He was the Beatles of soccer - a handsome, charismatic lad from Belfast, Northern Ireland who worked wonders with the ball and thrilled Great Britain. But George Best was also the lead in a Shakespearean tragedy fueled by drink and excess and depression. In this 30 for 30 film, director Daniel Gordon (Hillsborough) recounts the tale of this beloved but bedeviled superstar with evocative footage and testimony by those who knew him at his best-and worst. There's a lot of ground to cover-from his electric debut with Manchester United at the age of 17, through the glory years that brought ManU the 1968 European Cup, to his adventures in the North American Soccer League. But Gordon does it with a dexterity worthy of Best himself. The film will make you realize why an estimated quarter million people lined the route of his funeral cortege in 2005.

Director's Take

You think you know George Best. You think you know his story. For me the challenge of making this documentary was to find a way to tell this story and makes you think again. 'George Best: All By Himself' has it all. Booze. Sex. Success. Stardom. A spectacular rise. And a tragic fall. When I was younger, I was so jealous of one of my school friends who had actually seen George Best play. Never mind that the game in question was when Best played for Fulham - long after his heights at Man United. No matter that my friend was only three years old when he saw Best, and fell asleep in the second half. What was most impressive was that he'd actually SEEN George Best play. Sadly, I never would, although I spent a lot of time in his company whilst we both worked at Sky Sports in the mid 1990s. Me at the beginning of my career, on Soccer AM. Best was a regular pundit on the show that followed us, Soccer Saturday.
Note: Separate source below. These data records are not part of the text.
(* Assume $n>3t+2d$. In any execution of Algorithm 1, the mbrb-broadcast of an app-message by a correct process $p_i$ entails the sending of at most $2n^2$ implementation messages by correct processes.
   Context: System model. There are $n$ asynchronous processes $p_1,\dots,p_n$ with distinct known identities. Up to $t$ are Byzantine (arbitrary behavior); the rest are correct; $c$ is the number of correct processes. The network is fully connected, asynchronous, never corrupts/duplicates/creates messages; "broadcast $M$" sends $M$ to all $n$ processes (counting as $n$ sent imp-messages); a message adversary may suppress, per broadcast by a correct process, up to $d<c$ copies addressed to correct processes. Signatures are unforgeable and public keys are known. Algorithm 1 (code for $p_i$). Each process stores, for each triplet $(m,sn,j)$, a set of saved valid signatures of that triplet, at most one per signer. On $\mathrm{mbrb\_broadcast}(m,sn)$: $p_i$ saves its own signature of $(m,sn,i)$ and broadcasts $\mathrm{BUNDLE}(m,sn,i,S)$, $S$ the saved signatures for $(m,sn,i)$. On receiving $\mathrm{BUNDLE}(m,sn,j,sigs)$: if $p_i$ has not already mbrb-delivered some $(-,sn,j)$ and $sigs$ contains a valid signature of $(m,sn,j)$ by $p_j$, then: (1) save all new valid signatures of $(m,sn,j)$ in $sigs$; (2) if $p_i$ has not yet signed any $(-,sn,j)$, save its own signature of $(m,sn,j)$ and broadcast $\mathrm{BUNDLE}(m,sn,j,\text{all saved signatures for }(m,sn,j))$; (3) if strictly more than $\frac{n+t}{2}$ signatures for $(m,sn,j)$ are saved, broadcast $\mathrm{BUNDLE}(m,sn,j,\text{all saved signatures})$ and mbrb-deliver $(m,sn,j)$. *)

theory Defs
  imports Main "HOL-Library.Multiset"
begin

datatype 'm bmsg = BUNDLE 'm nat nat "nat set"

fun bundle_tag :: "'m bmsg \<Rightarrow> nat \<times> nat" where
  "bundle_tag (BUNDLE m sn j S) = (sn, j)"

(* packet = (sender, destination, content) *)
type_synonym 'm packet = "nat \<times> nat \<times> 'm bmsg"

record 'm lstate =
  saved :: "'m \<times> nat \<times> nat \<Rightarrow> nat set"   (* saved valid signatures per triplet *)
  deliv :: "nat \<times> nat \<Rightarrow> 'm option"       (* mbrb-delivered (m,sn,j), indexed by (sn,j) *)

record 'm gstate =
  loc :: "nat \<Rightarrow> 'm lstate"
  net :: "'m packet multiset"
  sent :: "'m packet multiset"      (* log of every imp-message ever sent *)
  invoked :: "(nat \<times> nat) set"      (* (p,sn) pairs for which p invoked mbrb_broadcast *)

definition procs :: "nat \<Rightarrow> nat set" where
  "procs n = {1..n}"

definition bcast :: "nat \<Rightarrow> nat \<Rightarrow> 'm bmsg \<Rightarrow> 'm packet multiset" where
  "bcast n p B = image_mset (\<lambda>q. (p, q, B)) (mset_set (procs n))"

definition has_signed :: "'m lstate \<Rightarrow> nat \<Rightarrow> nat \<Rightarrow> nat \<Rightarrow> bool" where
  "has_signed ls p sn j = (\<exists>m. p \<in> saved ls (m, sn, j))"

(* handler of Algorithm 1 at correct process p for a received BUNDLE;
   returns new local state and the list of bundles broadcast *)
definition recv_handler ::
  "nat \<Rightarrow> nat \<Rightarrow> nat \<Rightarrow> 'm bmsg \<Rightarrow> 'm lstate \<Rightarrow> 'm lstate \<times> 'm bmsg list" where
  "recv_handler n t p B ls = (case B of BUNDLE m sn j S \<Rightarrow>
     if deliv ls (sn, j) \<noteq> None \<or> j \<notin> S \<inter> procs n then (ls, [])
     else
       (let sv1 = saved ls (m, sn, j) \<union> (S \<inter> procs n);
            sv2 = (if has_signed ls p sn j then sv1 else insert p sv1);
            out2 = (if has_signed ls p sn j then [] else [BUNDLE m sn j sv2]);
            ls2 = ls\<lparr>saved := (saved ls)((m, sn, j) := sv2)\<rparr>
        in if 2 * card sv2 > n + t
           then (ls2\<lparr>deliv := (deliv ls2)((sn, j) := Some m)\<rparr>, out2 @ [BUNDLE m sn j sv2])
           else (ls2, out2)))"

definition init_state :: "'m gstate" where
  "init_state = \<lparr>loc = (\<lambda>_. \<lparr>saved = (\<lambda>_. {}), deliv = (\<lambda>_. None)\<rparr>),
                 net = {#}, sent = {#}, invoked = {}\<rparr>"

inductive step :: "nat \<Rightarrow> nat \<Rightarrow> nat set \<Rightarrow> 'm gstate \<Rightarrow> 'm gstate \<Rightarrow> bool"
  for n t :: nat and Byz :: "nat set" where
  (* correct p invokes mbrb_broadcast(m,sn); sequence numbers are not reused *)
  mbrb_broadcast:
  "\<lbrakk> p \<in> procs n - Byz; (p, sn) \<notin> invoked s;
     sv = insert p (saved (loc s p) (m, sn, p)) \<rbrakk> \<Longrightarrow>
   step n t Byz s
     (s\<lparr>loc := (loc s)(p := (loc s p)\<lparr>saved := (saved (loc s p))((m, sn, p) := sv)\<rparr>),
        net := net s + bcast n p (BUNDLE m sn p sv),
        sent := sent s + bcast n p (BUNDLE m sn p sv),
        invoked := insert (p, sn) (invoked s)\<rparr>)"
| receive:
  "\<lbrakk> p \<in> procs n - Byz; (q, p, B) \<in># net s;
     recv_handler n t p B (loc s p) = (ls', outs);
     Out = sum_list (map (bcast n p) outs) \<rbrakk> \<Longrightarrow>
   step n t Byz s
     (s\<lparr>loc := (loc s)(p := ls'),
        net := (net s - {#(q, p, B)#}) + Out,
        sent := sent s + Out\<rparr>)"
  (* a Byzantine process sends an arbitrary message, but cannot forge signatures of
     correct processes: it may only include signatures that their signers produced *)
| byz_send:
  "\<lbrakk> p \<in> Byz; q \<in> procs n;
     \<forall>r \<in> S - Byz. r \<in> saved (loc s r) (m, sn, j) \<rbrakk> \<Longrightarrow>
   step n t Byz s
     (s\<lparr>net := net s + {#(p, q, BUNDLE m sn j S)#},
        sent := sent s + {#(p, q, BUNDLE m sn j S)#}\<rparr>)"

definition reachable :: "nat \<Rightarrow> nat \<Rightarrow> nat set \<Rightarrow> 'm gstate \<Rightarrow> bool" where
  "reachable n t Byz s = (step n t Byz)\<^sup>*\<^sup>* init_state s"

end

theory Submission
  imports Defs
begin

text \<open>
  A correct process broadcasts a bundle for the triplets of a fixed pair \<open>(sn, i)\<close> only at
  two moments: when it signs some \<open>(-, sn, i)\<close> for the first time and when it mbrb-delivers
  some \<open>(-, sn, i)\<close>; both happen at most once, since its own signature and its delivery record
  are never removed. Each broadcast is \<open>n\<close> imp-messages and there are at most \<open>n\<close> correct
  processes, whence \<open>2n\<^sup>2\<close>. The only subtle case is the initial broadcast by the sender \<open>i\<close>:
  it must not have signed \<open>(-, sn, i)\<close> before, which holds because a correct process only
  signs a triplet naming itself after receiving a bundle carrying its own signature, and
  unforgeability means such a bundle exists only after \<open>i\<close> invoked \<open>mbrb_broadcast\<close>.
\<close>

lemma finite_procs [simp]: "finite (procs n)"
  by (simp add: procs_def)

lemma card_procs [simp]: "card (procs n) = n"
  by (simp add: procs_def)

lemma size_filter_mset_split_fst:
  assumes "finite A" and "\<forall>x\<in>#M. P x \<longrightarrow> fst x \<in> A"
  shows "size (filter_mset P M) = (\<Sum>a\<in>A. size (filter_mset (\<lambda>x. P x \<and> fst x = a) M))"
  using assms(2)
proof (induction M)
  case (add x M)
  have "(\<Sum>a\<in>A. size (filter_mset (\<lambda>y. P y \<and> fst y = a) (add_mset x M)))
      = (\<Sum>a\<in>A. size (filter_mset (\<lambda>y. P y \<and> fst y = a) M)) + (\<Sum>a\<in>A. of_bool (P x \<and> fst x = a))"
    by (simp add: sum.distrib[symmetric] if_distrib of_bool_def cong: if_cong)
  then show ?case using add assms(1) by (simp add: of_bool_def sum.delta)
qed simp

definition sent_by :: "nat \<Rightarrow> nat \<times> nat \<Rightarrow> 'm packet multiset \<Rightarrow> nat" where
  "sent_by p tag M = size (filter_mset (\<lambda>(src, dst, B). src = p \<and> bundle_tag B = tag) M)"

lemma sent_by_union [simp]: "sent_by p tag (M + N) = sent_by p tag M + sent_by p tag N"
  by (simp add: sent_by_def)

lemma sent_by_add_mset [simp]:
  "sent_by p tag (add_mset (q, r, B) M) =
     (if q = p \<and> bundle_tag B = tag then Suc (sent_by p tag M) else sent_by p tag M)"
  by (simp add: sent_by_def)

lemma sent_by_bcast:
  "sent_by p tag (bcast n q B) = (if q = p \<and> bundle_tag B = tag then n else 0)"
  by (simp add: sent_by_def bcast_def filter_mset_image_mset comp_def)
His wasn't always a guaranteed appearance. There were many stories of him being pulled out of a pub, bundled into a cab, and brought to the studio in a less-than-sober state. There were several no-shows from him. But he was probably the most popular of the ex players. He was clearly genuine, and kind-hearted. And he was also clearly in trouble and in need of help. As a kid, I just loved George Best. I would gasp with admiration whenever I saw old highlights of him, his skills on the pitch, his smoothness off the pitch. I read his autobiography before I was ten years old, having come across it at a stall at my primary school summer fair. It all seemed effortless. Yet in making this documentary, I would soon come to realize that for Best, life was far from effortless. And as there was no precedent for him, he was the ultimate football superstar pioneer. And sadly his was also the most notorious - and public - of implosions. Best means so much to so many people. Strong yet vulnerable. A rarity in being accepted - and celebrated - by ALL of Northern Ireland - and even rarer in uniting this most divided of countries. I see 'George Best: All By Himself' as a tribute to a legend - a tale interwoven with brilliant archive and contribution - from his down-to-earth family to his glamorous celebrity friends - and a warning to future generations of how NOT to cope with it all.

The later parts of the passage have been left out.